Степан удивленно посмотрел ей через голову, покраснел, сжал черные брови и обиженно ответил:

— Правда, делать вам там нечего, вот и болтаете. На мое место бы вас посадить.

Вздохнул. Сердито отодвинул всю закуску от себя и низко опустил голову.

У Прасковьи от жалости к нему помутилось в глазах. Она быстро пересела к Степану на диван, обняла его и стала гладить ему волосы, приговаривая:

— Степа, ты не серчай. Степа… Дура ведь я, аль меня не знаешь? И все мы такие… Думается нам… а тут слухи идут… Ты не сердись, ведь и так ты устал, я вижу… Погляди на меня, Степа… Дай мне свою руку, дай, я ее подержу… А что это она у тебя так дрожит, а?

…Отвыкла ли Прасковья спать вдвоем, или было тесно на кровати, но только всю ночь переворачивалась с боку на бок, закрывалась с головой и вновь сбрасывала одеяло.

А Степан — как лег, так, не повернувшись к ней ни разу, и уснул.

К утру, когда совсем рассвело, обняла его, сонного, целовала в жесткие усы, бритые щеки, что-то шептала ему, и он проснулся.

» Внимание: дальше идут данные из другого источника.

lemma error_region_sets: "i < h \<Longrightarrow> error_region S i \<in> sets (out_space k)"
  using test_region_sets by (auto simp: error_region_def)

lemma test_prob_bounds: "0 \<le> test_prob i N" "test_prob i N \<le> 1"
proof -
  interpret prob_space "M s N" by (rule prob_space_M)
  show "0 \<le> test_prob i N" "test_prob i N \<le> 1"
    by (simp_all add: test_prob_def)
qed

lemma measure_error_region:
  assumes "i < h"
  shows "measure (M s N) (error_region S i) = (if i \<in> S then test_prob i N else 1 - test_prob i N)"
proof -
  interpret prob_space "M s N" by (rule prob_space_M)
  show ?thesis
    using prob_compl[of "test_region i"] test_region_sets[OF assms]
    by (simp add: error_region_def test_prob_def sets_M space_M)
qed

lemma finite_set_cube_data: "finite (set_pmf (cube_data S))"
  using set_cube_pmf[OF h(1) \<gamma>] by (intro finite_set_sample_data) (auto intro: finite_subset)

lemma error_prob_eq:
  assumes "i < h"
  shows "error_prob S i = measure_pmf.expectation (cube_data S)
           (\<lambda>D. if i \<in> S then test_prob i (counts s m D) else 1 - test_prob i (counts s m D))"
  using assms by (simp add: error_prob_def measure_error_region)

lemma l1_pair_ge_of_error_region:
  assumes "i < h" "x \<in> error_region S i"
  shows "\<gamma> / h \<le> \<bar>pmf (cube_pmf h \<gamma> S) (2*i) - x (2*i)\<bar>
                 + \<bar>pmf (cube_pmf h \<gamma> S) (Suc (2*i)) - x (Suc (2*i))\<bar>"
proof -
  have "pmf (cube_pmf h \<gamma> S) (2*i) - pmf (cube_pmf h \<gamma> S) (Suc (2*i))
      = (if i \<in> S then \<gamma> / h else - (\<gamma> / h))"
    unfolding pmf_cube_pmf[OF h(1) \<gamma>] cube_weight_pair[OF assms(1)]
    using h(1) by (auto simp: field_simps)
  then show ?thesis
    using assms(2) by (auto simp: error_region_def test_region_def split: if_splits)
qed

lemma l1_ge_error_count:
  "\<gamma> / h * (\<Sum>i<h. indicator (error_region S i) x)
     \<le> (\<Sum>j<k. \<bar>pmf (cube_pmf h \<gamma> S) j - x j\<bar>)"
proof -
  have "\<gamma> / h * (\<Sum>i<h. indicator (error_region S i) x)
      \<le> (\<Sum>i<h. \<bar>pmf (cube_pmf h \<gamma> S) (2*i) - x (2*i)\<bar>
                + \<bar>pmf (cube_pmf h \<gamma> S) (Suc (2*i)) - x (Suc (2*i))\<bar>)"
    unfolding sum_distrib_left using l1_pair_ge_of_error_region \<gamma>(1)
    by (intro sum_mono) (auto simp: indicator_def)
  also have "\<dots> = (\<Sum>j<2*h. \<bar>pmf (cube_pmf h \<gamma> S) j - x j\<bar>)"
    by (simp add: sum_lessThan_double)
  also have "\<dots> \<le> (\<Sum>j<k. \<bar>pmf (cube_pmf h \<gamma> S) j - x j\<bar>)"
    using h(2) by (intro sum_mono2) auto
  finally show ?thesis .
qed

lemma expected_l1_ge_error_prob:
  "\<gamma> / h * (\<Sum>i<h. measure (M s N) (error_region S i))
     \<le> (\<integral>x. (\<Sum>j<k. \<bar>pmf (cube_pmf h \<gamma> S) j - x j\<bar>) \<partial>M s N)"
proof -
  interpret prob_space "M s N" by (rule prob_space_M)
  let ?l1 = "\<lambda>x. \<Sum>j<k. \<bar>pmf (cube_pmf h \<gamma> S) j - x j\<bar>"
  have "?l1 \<in> borel_measurable (out_space k)"
    unfolding out_space_def by measurable
  then have meas: "?l1 \<in> borel_measurable (M s N)"
    by (simp add: measurable_cong_sets[OF sets_M refl])
  have sum_p: "(\<Sum>j<k. pmf (cube_pmf h \<gamma> S) j) = 1"
    using set_cube_pmf[OF h(1) \<gamma>, of S] h(2) by (intro sum_pmf_eq_1) auto
  have "AE x in M s N. norm (?l1 x) \<le> 2"
    using AE_M_simplex
  proof eventually_elim
    case (elim x)
    then have "(\<Sum>j<k. \<bar>pmf (cube_pmf h \<gamma> S) j - x j\<bar>) \<le> (\<Sum>j<k. pmf (cube_pmf h \<gamma> S) j + x j)"
      by (intro sum_mono) (auto simp: prob_simplex_def abs_le_iff)
    also have "\<dots> = 2"
      using elim sum_p by (simp add: sum.distrib prob_simplex_def)
    finally show ?case
      by simp
  qed
  then have int_l1: "integrable (M s N) ?l1"
    by (rule integrable_const_bound[OF _ meas])
  have ind: "integrable (M s N) (indicator (error_region S i) :: _ \<Rightarrow> real)" if "i < h" for i
    using error_region_sets[OF that] emeasure_finite
    by (intro integrable_real_indicator) (simp_all add: sets_M less_top[symmetric])
  have "\<gamma> / h * (\<Sum>i<h. measure (M s N) (error_region S i))
      = (\<integral>x. \<gamma> / h * (\<Sum>i<h. indicator (error_region S i) x) \<partial>M s N)"
    using error_region_sets ind by (simp add: Bochner_Integration.integral_sum sets_M)
  also have "\<dots> \<le> (\<integral>x. ?l1 x \<partial>M s N)"
    using ind int_l1 l1_ge_error_count by (intro integral_mono integrable_mult_right) auto
  finally show ?thesis .
qed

— Ты что не спишь? — спросил Степан.

— Да так…

— Чего так?

— Не спится мне всю ночь.

С закрытыми глазами жалась к нему и на ухо шептала:

— А ты что же… Чай, будет сердиться-то… Сте-оп…

Ласкалась, кладя его голову себе на грудь, жаркими губами целовала.

— Сте-оп, милый…

Степан поднялся и проговорил:

— Пора вставать, светло.

— И то, пора.

Когда встали и собрались, Степан сказал:

— Если пойдешь на базар, деньги в столе возьми.

— А ты разь не пойдешь со мной?

Мне срочно надо в уземотдел идти.

Постучалась и вошла хозяйка.

— Самовар готов, а вам, Степан Иваныч, записку прислали.

На конверте почерк знакомый.

«Степа, вчера ждала тебя, а ты не пришел. Потом я поняла, когда ты позвонил. Если хочешь — звони к Ракитиным. Я у них.

Катя».

Прасковья повязывала платок, гляделась в зеркало. Оттуда на нее глядел Степан. Улыбнулась ему, но взгляд у Степана был чужой. А когда обернулась, он уже взялся за ручку телефона и звонил. Звон этот напомнил ей вчерашний сон, сердитого писаря, тройку лошадей с колокольчиками.

— Квартиру Ракитиных! — прокричал Степа. — Я это… да… Сорокин. Позовите… регистратуру. Что?.. Да… Ничего… Может быть, сегодня… Так после обеда…

Повесил трубку, тоскливо проговорил:

— Делов… по горло.

Только сейчас заметил, что у Прасковьи перекосилось лицо и дрожали губы.

— Что с тобой?

Глядела на него огромными глазами и едва выговаривала:

— Сон… вчера… ригистра…

Степан впился в Прасковьино лицо.

— Ну?

— Жена приехала… не ходи…

— Ерунда тебе снится, — прошептал Степан, отворачиваясь.

— Степ, — схватила его за руку, — скажи, кто эта ригистра?

— Ты не поймешь. Давай чай пить.

Уселись за стол. Степан почему-то сам начал часто-часто говорить о хозяйстве, о сенокосе, о ребятишках. Прасковья слушала молча. И было странно смотреть на нее: она будто и слушала и не слушала. Уперлась в одну точку — туда, к столу, к книгам — и все всматривалась, и краснела, и бледнела, дрожали губы.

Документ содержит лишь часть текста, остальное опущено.